** LISTED ENTRIES follows **

(* Consider the volume-pricing market described in the context. Then: (i) $R(p)$ is unimodal on $[\eta,\infty)$ (i.e., there is $\hat p>\eta$ with $R'(p)>0$ for $\eta\le p<\hat p$, $R'(\hat p)=0$ and $R'(p)<0$ for $p>\hat p$), and the feasible price set $\mathcal P$ is non-empty and connected. (ii) If $R'(p_0)<0$, then the network is opt-saturated and the unique equilibrium price is $p^\star=p_0=p_0(\kappa_{\mathrm{peak}})$, the threshold price, which satisfies $A(p_0)=C_{3g}$ and, viewing $\kappa_{\mathrm{peak}}$ as a variable, $\frac{\partial p_0(\kappa_{\mathrm{peak}})}{\partial\kappa_{\mathrm{peak}}}>0$. (iii) If $R'(p_0)>0$, then the network is opt-unsaturated and the unique equilibrium price $p^\star=p^\star(\kappa_{\mathrm{avg}})$ is the solution of $R'(p)=0$; moreover, viewing $\kappa_{\mathrm{avg}}$ as a variable, $\frac{\partial\big(p^\star(\kappa_{\mathrm{avg}})\,\kappa_{\mathrm{avg}}\big)}{\partial\kappa_{\mathrm{avg}}}>0$.
   Context: Market model (single cell). There are $\hat N$ users (treated as a continuum of mass $\hat N$) in one base-station cell with capacity $C_{3g}>0$ (traffic volume per time slot), and time slots $t\in T=\{1,\dots,|T|\}$. Each user's daily traffic demand $\Phi$ is random with density $f_\Phi(x)=x^{-\sigma}/Z$ for $0\le x\le\Phi_{\max}$, where $0<\sigma<1$ and $Z=\Phi_{\max}^{1-\sigma}/(1-\sigma)$. All users share a temporal preference $w(t)> 0$ with $\sum_{t\in T}w(t)=1$; a user with demand $\Phi$ has per-slot demand $\phi(t)=w(t)\Phi$. The willingness to pay is $\gamma(t)=w(t)^{1-\theta}$ with price sensitivity $\theta\in(0,1)$. Offloading indicators: constants $\kappa_{\mathrm{avg}},\kappa_{\mathrm{peak}}\in(0,1]$ (independent of price). Delay profile and WiFi contact probabilities are homogeneous across users and time, so that every user's daily cellular (3G) traffic equals $\kappa_{\mathrm{avg}}$ times its total (3G+WiFi) traffic; and if $X_{\rm tot}(p)$ is the total traffic sent in the cell in a day at price $p$, the peak per-slot cellular traffic is $A(p)=\kappa_{\mathrm{peak}}X_{\rm tot}(p)$. Volume pricing with unit price $p>0$ per unit of cellular traffic: a user with demand $\Phi$ chooses $x(t)\in[0,\phi(t)]$ to maximize $\sum_{t}w(t)^{1-\theta}x(t)^\theta-p\,\kappa_{\mathrm{avg}}\sum_t x(t)$; its optimal choice is $x^\star_\Phi(t)=w(t)\min\{\Phi,(\theta/(p\kappa_{\mathrm{avg}}))^{1/(1-\theta)}\}$ (every user participates). Then $X_{\rm tot}(p)=\hat N\int_0^{\Phi_{\max}}\sum_t x^\star_\Phi(t)f_\Phi(\Phi)\,d\Phi$, and the provider's revenue with linear cellular cost coefficient $\eta>0$ is $R(p)=(p-\eta)\,\kappa_{\mathrm{avg}}X_{\rm tot}(p)$. Feasible price set: $\mathcal P=\{p: R(p)>0,\ A(p)\le C_{3g}\}$; threshold price $p_0=\inf\mathcal P$. An equilibrium price is any $p^\star\in\arg\max_{p\in\mathcal P}R(p)$. The network is saturated at $p$ if $A(p)=C_{3g}$; for a unique equilibrium price $p^\star$, the network is called opt-saturated if it is saturated at $p^\star$ and opt-unsaturated otherwise. *)

theory Defs
  imports "HOL-Analysis.Analysis"
begin

definition dens :: "real \<Rightarrow> real \<Rightarrow> real \<Rightarrow> real" where
  "dens \<sigma> Phimax x = x powr (- \<sigma>) / (Phimax powr (1 - \<sigma>) / (1 - \<sigma>))"

text \<open>Unconstrained optimal daily volume (theta / (p kappa_avg))^(1/(1-theta)).\<close>
definition user_cap :: "real \<Rightarrow> real \<Rightarrow> real \<Rightarrow> real" where
  "user_cap \<theta> ka p = (\<theta> / (p * ka)) powr (1 / (1 - \<theta>))"

definition xstar :: "(nat \<Rightarrow> real) \<Rightarrow> real \<Rightarrow> real \<Rightarrow> real \<Rightarrow> real \<Rightarrow> nat \<Rightarrow> real" where
  "xstar w \<theta> ka p Phi t = w t * min Phi (user_cap \<theta> ka p)"

text \<open>Total (3G + WiFi) daily traffic in the cell at price p, time slots T = {1..nT}.\<close>
definition Xtot :: "real \<Rightarrow> real \<Rightarrow> real \<Rightarrow> nat \<Rightarrow> (nat \<Rightarrow> real) \<Rightarrow> real \<Rightarrow> real \<Rightarrow> real \<Rightarrow> real" where
  "Xtot N Phimax \<sigma> nT w \<theta> ka p =
     N * integral {0..Phimax} (\<lambda>Phi. (\<Sum>t = 1..nT. xstar w \<theta> ka p Phi t) * dens \<sigma> Phimax Phi)"

end

theory Submission
  imports Defs
begin

text \<open>
  The traffic depends on the price p and on
  kappa_avg = k only through the effective price q = p * k: integrating the users' choices
  against the power-law demand density gives the closed form vol q = N * trunc_mean (demand q)
  (lemma traffic_eq).  The argument then has four steps.
  (1) The volume is decreasing, strictly beyond the price q_full at which users start to be
      capped, and the marginal revenue is R'(p) = k N cap(p k) * margin k p.
  (2) The margin is positive at low prices, negative at high prices and, in the capped regime,
      equals (1 - F) times a strictly decreasing Lerner gap; so R is unimodal with peak at the
      unique root p_opt of the margin.  Feasible prices form an up-closed ray.
  (3) If R'(p0) < 0, then p0 > p_opt, the capacity binds at p0, and p0 is the unique
      equilibrium; as a function of kappa_peak, p0 inverts z \<mapsto> C / vol (z k), so it increases.
  (4) If R'(p0) > 0, then p_opt is strictly feasible and is the unique equilibrium; its effective
      price p_opt(k) k inverts the increasing map opt_kavg, so it increases with kappa_avg.
\<close>

text \<open>Fundamental theorem of calculus for a power with exponent a > -1;
  the antiderivative stays continuous at 0, so the interval may start there.\<close>
lemma powr_has_integral:
  fixes a b c :: real
  assumes a: "a > -1" and c: "0 \<le> c" "c \<le> b"
  shows "((\<lambda>x. x powr a) has_integral (b powr (a + 1) - c powr (a + 1)) / (a + 1)) {c..b}"
proof -
  have "((\<lambda>x. x powr a) has_integral
      ((\<lambda>x. x powr (a + 1) / (a + 1)) b - (\<lambda>x. x powr (a + 1) / (a + 1)) c)) {c..b}"
  proof (rule fundamental_theorem_of_calculus_interior)
    show "continuous_on {c..b} (\<lambda>x. x powr (a + 1) / (a + 1))"
      using a c by (intro continuous_intros continuous_on_powr') auto
    fix x assume x: "x \<in> {c<..<b}"
    have "((\<lambda>x. x powr (a + 1) / (a + 1)) has_real_derivative
        ((a + 1) * x powr (a + 1 - 1) / (a + 1))) (at x)"
      using x c by (auto intro!: derivative_eq_intros)
    then show "((\<lambda>x. x powr (a + 1) / (a + 1)) has_vector_derivative x powr a) (at x)"
      using a by (simp add: has_real_derivative_iff_has_vector_derivative)
  qed (use c in auto)
  then show ?thesis by (simp add: diff_divide_distrib)
qed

** End of LISTED ENTRIES **

#### [WHAT IS EXPECTED]
All lines above containing the string "Xtot" are to be collected.

#### [TASK OUTPUT]
definition Xtot :: "real \<Rightarrow> real \<Rightarrow> real \<Rightarrow> nat \<Rightarrow> (nat \<Rightarrow> real) \<Rightarrow> real \<Rightarrow> real \<Rightarrow> real \<Rightarrow> real" where
  "Xtot N Phimax \<sigma> nT w \<theta> ka p =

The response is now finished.